Chinese authorities detained four more anti-corruption activists last week, according to human rights groups, expanding a crackdown that began several weeks ago and which runs counter to new president Xi Jinping’s push to curb corruption within the Communist Party. From Andrew Jacobs of The New York Times:
The men arrested last week include Zhao Changqing, a democracy advocate who has been jailed several times in the past; Ding Jiaxi, a human rights lawyer; and two activists, Sun Hanhui and Wang Yonghong. All four are being held at Beijing No. 3 Detention Center, lawyers for the men said.
According to Chinese Human Rights Defenders, a nongovernmental organization based in Washington, the whereabouts of two other activists, Qi Yueying and Li Wei, were unknown on Friday.
Liang Xiaojun, a lawyer who represents several of those detained, said prison officials would allow him to see only one of the detainees, claiming that the others were still being interrogated by the police. “I doubt this case will go through normal procedures,” he said. “Can you imagine a trial for a group of activists who demanded that government officials disclose their assets? I don’t see that trial happening.”
Analysts say the crackdown on dissent, coupled with newly announced media restrictions and the absence of any new anticorruption initiatives, are gnawing away at any hopes that Mr. Xi will embrace the rule of law and clean government.
The issue of financial disclosure has simmered since last year, when some officials at the 18th Party Congress told foreign reporters that they would be open to the idea as a way to curb corruption. It also became a popular Weibo topic after Global Times Chief Editor Hu Xijin addressed financial disclosure on his own microblog.
One rights lawyer told Voice of America that the family of one of the activists, prominent human rights lawyer Ding Jiaxi, received official notice last Thursday that he had been detained the previous evening:
Li says the activists have been charged because of their participation in a street campaign calling on officials to disclose their assets.
“It’s hard to say what is going to happen. Administrative detention can be expanded up to 37 days,” he said. “Then there will be an investigation and then a trial. How long this all will take depends on how important they consider the case to be.”
Xu Zhiyong, another prominent rights lawyer in China, is founder of the New Citizens Movement – a group that seeks to promote social justice, political and legal reforms. He is being held under what he called “illegal house arrest” and spoke to VOA by phone Friday.
“Up until yesterday, eight people who advocate asset disclosure by officials have been detained,” he said. “They have been accused of illegal gathering, but we believe this is illegal, because citizens have the right to assemble and demonstrate freely.”
The latest round of detentions came just before Xi Jinping addressed a group of Politburo members last Friday about the country’s anti-corruption efforts, according to Xinhua News.

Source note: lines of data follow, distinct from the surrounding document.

(* Fix $0\le t<1$. (i) If $A^*>0$, then $$\lim_{x\downarrow A^*\sqrt{1-t}}\frac{\partial}{\partial x}W^*(t,x)=\lim_{x\uparrow A^*\sqrt{1-t}}\frac{\partial}{\partial x}h(t,x),\qquad \lim_{x\uparrow -A^*\sqrt{1-t}}\frac{\partial}{\partial x}W^*(t,x)=\lim_{x\downarrow -A^*\sqrt{1-t}}\frac{\partial}{\partial x}h(t,x).$$ (ii) If $A^*=0$, then $$\lim_{x\downarrow0}\frac{\partial}{\partial x}W^*(t,x)<\lim_{x\uparrow0}\frac{\partial}{\partial x}W^*(t,x).$$ Here $$W^*(t,x)=\begin{cases}(1-t)^{q/2}G_q(|x|/\sqrt{1-t})\,w(A^* ), & |x|>A^*\sqrt{1-t},\\ h(t,x), & |x|\le A^*\sqrt{1-t}.\end{cases}$$
   Context: $q>0$. $F_q(y):=\int_0^\infty u^{q-1}e^{yu-u^2/2}\,\mathrm{d}u$ and $G_q(y):=F_q(-y)$. $D^*>0$ is the unique positive root of $q-D(F_q+G_q)'(D)/(F_q+G_q)(D)=0$. $\overline{U}(t,x)=(1-t)^{q/2}(D^* )^q(F_q+G_q)(x/\sqrt{1-t})/(F_q+G_q)(D^* )$ if $|x|<D^*\sqrt{1-t}$, and $|x|^q$ otherwise. $h(t,x)=\overline{U}(t,x)-|x|^q$ if $|x|<D^*\sqrt{1-t}$, and $0$ otherwise. $w(A):=\frac{1}{G_q(A)}[(D^* )^q(F_q+G_q)(A)/(F_q+G_q)(D^* )-A^q]$ for $0\le A\le D^*$. $A^*$ is the unique maximizer of $w$ over $[0,D^*]$. *)

theory Defs
  imports "HOL-Analysis.Analysis"
begin

definition Fq :: "real \<Rightarrow> real \<Rightarrow> real" where
  "Fq q y = (LBINT u:{0<..}. u powr (q - 1) * exp (y * u - u\<^sup>2 / 2))"

definition Gq :: "real \<Rightarrow> real \<Rightarrow> real" where
  "Gq q y = Fq q (- y)"

definition Dstar :: "real \<Rightarrow> real" where
  "Dstar q = (THE D. D > 0 \<and>
      q - D * deriv (\<lambda>y. Fq q y + Gq q y) D / (Fq q D + Gq q D) = 0)"

definition Ubar :: "real \<Rightarrow> real \<Rightarrow> real \<Rightarrow> real" where
  "Ubar q t x = (if \<bar>x\<bar> < Dstar q * sqrt (1 - t)
     then (1 - t) powr (q / 2) * (Dstar q) powr q
          * (Fq q (x / sqrt (1 - t)) + Gq q (x / sqrt (1 - t)))
          / (Fq q (Dstar q) + Gq q (Dstar q))
     else \<bar>x\<bar> powr q)"

definition hfun :: "real \<Rightarrow> real \<Rightarrow> real \<Rightarrow> real" where
  "hfun q t x = (if \<bar>x\<bar> < Dstar q * sqrt (1 - t) then Ubar q t x - \<bar>x\<bar> powr q else 0)"

definition wfun :: "real \<Rightarrow> real \<Rightarrow> real" where
  "wfun q A = (1 / Gq q A) * ((Dstar q) powr q * (Fq q A + Gq q A)
                 / (Fq q (Dstar q) + Gq q (Dstar q)) - A powr q)"

definition Astar :: "real \<Rightarrow> real" where
  "Astar q = (THE A. A \<in> {0..Dstar q} \<and> (\<forall>B\<in>{0..Dstar q}. wfun q B \<le> wfun q A))"

definition Wstar :: "real \<Rightarrow> real \<Rightarrow> real \<Rightarrow> real" where
  "Wstar q t x = (if \<bar>x\<bar> > Astar q * sqrt (1 - t)
     then (1 - t) powr (q / 2) * Gq q (\<bar>x\<bar> / sqrt (1 - t)) * wfun q (Astar q)
     else hfun q t x)"

end

theory Submission
  imports Defs "HOL-Real_Asymp.Real_Asymp"
begin

text \<open>
  Differentiating under the integral sign gives \<open>F\<^sub>q' = F\<^sub>q\<^sub>+\<^sub>1\<close>, and integrating
  \<open>d/du (u\<^sup>q exp (y u - u\<^sup>2/2))\<close> over \<open>]0, \<infinity>[\<close> gives the recurrence
  \<open>F\<^sub>q\<^sub>+\<^sub>2 y = y F\<^sub>q\<^sub>+\<^sub>1 y + q F\<^sub>q y\<close>. Cauchy--Schwarz makes \<open>H = F\<^sub>q + G\<^sub>q\<close> log-convex,
  so \<open>D H'(D) / H(D)\<close> increases strictly and \<open>D\<^sup>*\<close> is well defined.

  Write \<open>w = \<phi> / G\<^sub>q\<close> with \<open>\<phi> A = C H(A) - A\<^sup>q\<close>, \<open>C = (D\<^sup>*)\<^sup>q / H(D\<^sup>*)\<close>. The numerator of \<open>w'\<close>,
  weighted by \<open>exp (- A\<^sup>2/2)\<close>, has derivative of the sign of \<open>2 A\<^sup>2 - q + 1\<close> and vanishes at \<open>D\<^sup>*\<close>;
  hence \<open>w\<close> increases strictly up to each of its critical points in \<open>]0, D\<^sup>*[\<close>, which forces a
  unique maximiser \<open>A\<^sup>* < D\<^sup>*\<close>, with \<open>w'(A\<^sup>*) = 0\<close> when \<open>A\<^sup>* > 0\<close>.

  With \<open>s = \<surd>(1 - t)\<close>, for \<open>x > 0\<close> near \<open>A\<^sup>* s\<close> we have \<open>h(t,x) = s\<^sup>q \<phi>(x/s)\<close> and
  \<open>W\<^sup>*(t,x) = s\<^sup>q w(A\<^sup>*) G\<^sub>q(x/s)\<close>, so the one-sided derivatives at \<open>A\<^sup>* s\<close> are \<open>s\<^sup>q\<^sup>-\<^sup>1 \<phi>'(A\<^sup>*)\<close> and
  \<open>s\<^sup>q\<^sup>-\<^sup>1 w(A\<^sup>*) G\<^sub>q'(A\<^sup>*)\<close>; they agree because \<open>\<phi> = w G\<^sub>q\<close> and \<open>w'(A\<^sup>*) = 0\<close>. If \<open>A\<^sup>* = 0\<close>, the
  right derivative at \<open>0\<close> is \<open>s\<^sup>q\<^sup>-\<^sup>1 w(0) G\<^sub>q'(0) < 0\<close>. Both functions are even, which gives the
  limits at \<open>- A\<^sup>* s\<close> and from the left at \<open>0\<close>.
\<close>

lemma Gamma_integrand_integrable:
  assumes "s > (0::real)"
  shows "integrable lborel (\<lambda>t. indicator {0..} t * t powr (s - 1) / exp t)"
proof (rule integrableI_nonneg)
  show "(\<lambda>t. indicator {0..} t * t powr (s - 1) / exp t) \<in> borel_measurable lborel"
    by measurable
  show "AE x in lborel. 0 \<le> indicator {0..} x * x powr (s - 1) / exp x"
    by (auto simp: indicator_def)
  show "(\<integral>\<^sup>+ x. ennreal (indicator {0..} x * x powr (s - 1) / exp x) \<partial>lborel) < \<infinity>"
    using Gamma_conv_nn_integral_real[OF assms, symmetric] by simp
qed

In a South China Morning Post opinion piece published Monday, Chinese writer and journalist Xiao Shu claimed that Xi’s administration “is sending very contradictory signals about its commitment to the rule of law and the fight against corruption.”
What is the long-term interest of the Communist Party? I would argue that it is in leading China, by means of peaceful transformation, into democracy and national reconciliation. Look no further than Chiang Ching-kuo and Lee Teng-hui, the last two non-democratically elected presidents of Taiwan, who did exactly that for the island. Any other path would be not only self-destructive for the party, but also catastrophic for the whole nation. To transform themselves and transform China, the Communist rulers must open the door to civil movements that will usher in a civil society.
In this sense, activists like Xu Zhiyong, Wang Gongquan and Ding Jiaxi are not only heroes of civil movements, but also champions of public interest and allies of the Communist Party. In his push for the rule of law and war on corruption, Xi is coming up against the powerful special interest groups within his party, and has no chance of winning without soliciting the help of a strong civil society.
The persecution against these activists thus can be seen as an effort by the special-interest groups to sabotage Xi’s reforms. They were successful in the past 10 years, during the rule of Hu and Wen – the security apparatus launched a series of stifling blows against the burgeoning civil movements. In doing so, they also tamed and manipulated then top leaders including Hu and Wen, turning their “golden decade” into one of the biggest political jokes in modern Chinese history. Whether they will succeed again in Xi‘s time remains to be seen.